Aim of the task
For the entries that follow, state how many lines include the word "proof", giving the number and nothing else.

Saved entries

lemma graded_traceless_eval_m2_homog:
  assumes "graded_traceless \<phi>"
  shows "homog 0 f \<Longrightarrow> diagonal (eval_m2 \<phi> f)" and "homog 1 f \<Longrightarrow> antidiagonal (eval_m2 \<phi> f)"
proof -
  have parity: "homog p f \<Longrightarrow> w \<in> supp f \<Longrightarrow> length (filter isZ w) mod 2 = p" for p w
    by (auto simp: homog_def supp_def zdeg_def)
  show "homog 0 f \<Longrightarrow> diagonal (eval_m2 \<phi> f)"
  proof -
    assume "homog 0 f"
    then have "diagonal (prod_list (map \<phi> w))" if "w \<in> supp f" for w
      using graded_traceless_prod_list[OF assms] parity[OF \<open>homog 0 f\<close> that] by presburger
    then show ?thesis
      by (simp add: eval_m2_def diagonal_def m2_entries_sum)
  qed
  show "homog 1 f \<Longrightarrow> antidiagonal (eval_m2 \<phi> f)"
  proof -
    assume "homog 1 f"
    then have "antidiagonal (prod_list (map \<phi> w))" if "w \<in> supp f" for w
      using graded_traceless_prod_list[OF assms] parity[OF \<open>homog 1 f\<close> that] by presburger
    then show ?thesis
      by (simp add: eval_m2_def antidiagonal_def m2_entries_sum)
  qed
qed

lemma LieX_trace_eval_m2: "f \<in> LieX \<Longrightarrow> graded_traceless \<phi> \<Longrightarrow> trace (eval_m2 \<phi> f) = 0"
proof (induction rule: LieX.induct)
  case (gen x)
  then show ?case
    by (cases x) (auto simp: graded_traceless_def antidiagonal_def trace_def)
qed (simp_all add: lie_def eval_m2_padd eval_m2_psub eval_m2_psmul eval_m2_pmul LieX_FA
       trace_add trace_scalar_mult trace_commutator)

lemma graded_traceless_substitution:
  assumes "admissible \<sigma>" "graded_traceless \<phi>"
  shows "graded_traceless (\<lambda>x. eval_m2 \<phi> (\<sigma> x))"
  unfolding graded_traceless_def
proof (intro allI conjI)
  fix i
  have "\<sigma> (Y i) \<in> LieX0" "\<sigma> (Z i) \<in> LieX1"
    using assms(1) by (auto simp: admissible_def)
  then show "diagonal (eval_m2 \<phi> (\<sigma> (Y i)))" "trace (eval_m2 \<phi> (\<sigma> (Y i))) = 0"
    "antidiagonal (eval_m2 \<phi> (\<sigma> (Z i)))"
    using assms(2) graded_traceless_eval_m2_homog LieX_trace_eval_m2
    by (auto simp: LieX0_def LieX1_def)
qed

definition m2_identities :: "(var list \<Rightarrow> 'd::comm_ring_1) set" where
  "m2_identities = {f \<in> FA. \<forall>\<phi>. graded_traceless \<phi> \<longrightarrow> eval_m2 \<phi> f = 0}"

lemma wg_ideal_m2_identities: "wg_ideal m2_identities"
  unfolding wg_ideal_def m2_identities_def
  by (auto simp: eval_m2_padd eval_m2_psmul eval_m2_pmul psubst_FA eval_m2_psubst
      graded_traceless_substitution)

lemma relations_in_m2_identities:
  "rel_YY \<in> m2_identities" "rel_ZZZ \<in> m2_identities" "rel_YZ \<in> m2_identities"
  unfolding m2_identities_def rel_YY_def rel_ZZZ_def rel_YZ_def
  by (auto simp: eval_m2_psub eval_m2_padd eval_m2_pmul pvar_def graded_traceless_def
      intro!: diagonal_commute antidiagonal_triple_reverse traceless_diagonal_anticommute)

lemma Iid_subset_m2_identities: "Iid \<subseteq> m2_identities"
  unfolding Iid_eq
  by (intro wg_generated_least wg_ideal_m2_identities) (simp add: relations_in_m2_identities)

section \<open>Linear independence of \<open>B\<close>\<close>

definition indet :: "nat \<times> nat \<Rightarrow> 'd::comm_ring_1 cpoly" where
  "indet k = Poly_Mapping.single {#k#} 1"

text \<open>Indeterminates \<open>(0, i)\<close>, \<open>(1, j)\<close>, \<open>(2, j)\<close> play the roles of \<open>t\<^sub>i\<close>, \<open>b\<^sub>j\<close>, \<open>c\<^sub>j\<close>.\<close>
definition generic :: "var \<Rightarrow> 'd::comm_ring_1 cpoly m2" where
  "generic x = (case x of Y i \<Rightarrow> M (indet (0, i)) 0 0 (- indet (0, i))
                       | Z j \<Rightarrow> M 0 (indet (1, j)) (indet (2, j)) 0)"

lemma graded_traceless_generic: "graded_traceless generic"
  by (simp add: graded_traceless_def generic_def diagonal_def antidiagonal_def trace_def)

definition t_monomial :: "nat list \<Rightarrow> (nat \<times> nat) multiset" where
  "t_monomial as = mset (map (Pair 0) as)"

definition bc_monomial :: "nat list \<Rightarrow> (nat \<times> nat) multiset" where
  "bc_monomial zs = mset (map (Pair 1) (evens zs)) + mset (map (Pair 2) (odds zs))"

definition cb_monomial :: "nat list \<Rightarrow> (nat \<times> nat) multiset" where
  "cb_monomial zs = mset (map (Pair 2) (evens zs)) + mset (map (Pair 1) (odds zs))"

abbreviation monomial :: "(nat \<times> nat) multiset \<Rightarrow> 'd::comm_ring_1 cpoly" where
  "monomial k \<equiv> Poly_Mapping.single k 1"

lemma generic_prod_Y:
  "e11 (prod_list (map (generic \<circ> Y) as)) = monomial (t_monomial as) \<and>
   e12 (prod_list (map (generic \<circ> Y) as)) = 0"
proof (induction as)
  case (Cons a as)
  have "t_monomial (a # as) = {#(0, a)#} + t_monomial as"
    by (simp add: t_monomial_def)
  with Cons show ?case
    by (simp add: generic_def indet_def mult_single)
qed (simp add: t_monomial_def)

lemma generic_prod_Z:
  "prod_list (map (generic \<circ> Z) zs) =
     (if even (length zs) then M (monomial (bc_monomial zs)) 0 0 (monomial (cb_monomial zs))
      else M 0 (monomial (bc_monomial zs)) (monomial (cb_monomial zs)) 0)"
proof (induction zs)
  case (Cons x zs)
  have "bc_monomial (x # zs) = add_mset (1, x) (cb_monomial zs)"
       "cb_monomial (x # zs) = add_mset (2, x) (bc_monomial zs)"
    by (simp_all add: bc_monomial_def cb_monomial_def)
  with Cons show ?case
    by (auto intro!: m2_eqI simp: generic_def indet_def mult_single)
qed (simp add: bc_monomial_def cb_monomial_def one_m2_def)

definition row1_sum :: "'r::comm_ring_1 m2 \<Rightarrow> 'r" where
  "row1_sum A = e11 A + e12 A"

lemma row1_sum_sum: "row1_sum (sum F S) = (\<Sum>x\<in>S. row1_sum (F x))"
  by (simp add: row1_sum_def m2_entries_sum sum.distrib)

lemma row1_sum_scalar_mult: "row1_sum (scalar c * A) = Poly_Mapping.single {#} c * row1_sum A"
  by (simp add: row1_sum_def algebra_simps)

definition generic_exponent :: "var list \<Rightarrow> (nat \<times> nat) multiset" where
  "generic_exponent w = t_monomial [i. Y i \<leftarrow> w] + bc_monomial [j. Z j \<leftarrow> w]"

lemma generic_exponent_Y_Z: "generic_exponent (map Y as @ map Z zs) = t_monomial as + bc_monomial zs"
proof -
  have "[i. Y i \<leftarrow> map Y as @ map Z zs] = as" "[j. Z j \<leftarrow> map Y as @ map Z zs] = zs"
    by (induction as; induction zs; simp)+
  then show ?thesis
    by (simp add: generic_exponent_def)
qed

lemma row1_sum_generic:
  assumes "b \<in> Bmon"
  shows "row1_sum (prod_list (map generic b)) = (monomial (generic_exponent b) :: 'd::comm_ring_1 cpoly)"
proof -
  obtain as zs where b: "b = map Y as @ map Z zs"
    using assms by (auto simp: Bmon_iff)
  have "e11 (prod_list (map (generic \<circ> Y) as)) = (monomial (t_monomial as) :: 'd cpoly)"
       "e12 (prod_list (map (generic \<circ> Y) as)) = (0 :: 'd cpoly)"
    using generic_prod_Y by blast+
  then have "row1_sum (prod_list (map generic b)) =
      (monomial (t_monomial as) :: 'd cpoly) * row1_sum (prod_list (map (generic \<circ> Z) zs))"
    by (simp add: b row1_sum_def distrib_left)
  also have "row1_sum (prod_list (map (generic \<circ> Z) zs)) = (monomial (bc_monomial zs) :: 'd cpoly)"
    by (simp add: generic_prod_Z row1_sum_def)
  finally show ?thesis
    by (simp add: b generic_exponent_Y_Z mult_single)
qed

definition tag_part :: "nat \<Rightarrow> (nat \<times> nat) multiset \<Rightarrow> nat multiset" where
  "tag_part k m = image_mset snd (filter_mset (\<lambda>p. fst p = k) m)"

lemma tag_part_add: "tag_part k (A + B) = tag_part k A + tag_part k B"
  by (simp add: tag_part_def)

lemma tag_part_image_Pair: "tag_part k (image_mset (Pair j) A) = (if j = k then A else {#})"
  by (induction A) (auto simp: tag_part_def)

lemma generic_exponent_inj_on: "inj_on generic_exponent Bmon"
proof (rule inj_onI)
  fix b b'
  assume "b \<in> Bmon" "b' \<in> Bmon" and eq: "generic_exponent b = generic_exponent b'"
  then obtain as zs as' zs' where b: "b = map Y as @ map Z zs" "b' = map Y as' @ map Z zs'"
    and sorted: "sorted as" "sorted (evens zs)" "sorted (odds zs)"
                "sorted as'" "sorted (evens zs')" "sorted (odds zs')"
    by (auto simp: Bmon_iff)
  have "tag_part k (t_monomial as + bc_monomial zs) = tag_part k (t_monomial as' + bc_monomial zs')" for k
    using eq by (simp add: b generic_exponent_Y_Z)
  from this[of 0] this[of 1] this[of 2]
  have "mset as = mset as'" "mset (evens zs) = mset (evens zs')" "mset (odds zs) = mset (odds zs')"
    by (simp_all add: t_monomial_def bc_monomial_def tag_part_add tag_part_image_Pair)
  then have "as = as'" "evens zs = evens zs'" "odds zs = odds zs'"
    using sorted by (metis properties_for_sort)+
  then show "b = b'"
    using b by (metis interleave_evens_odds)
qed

Answer to the exercise
10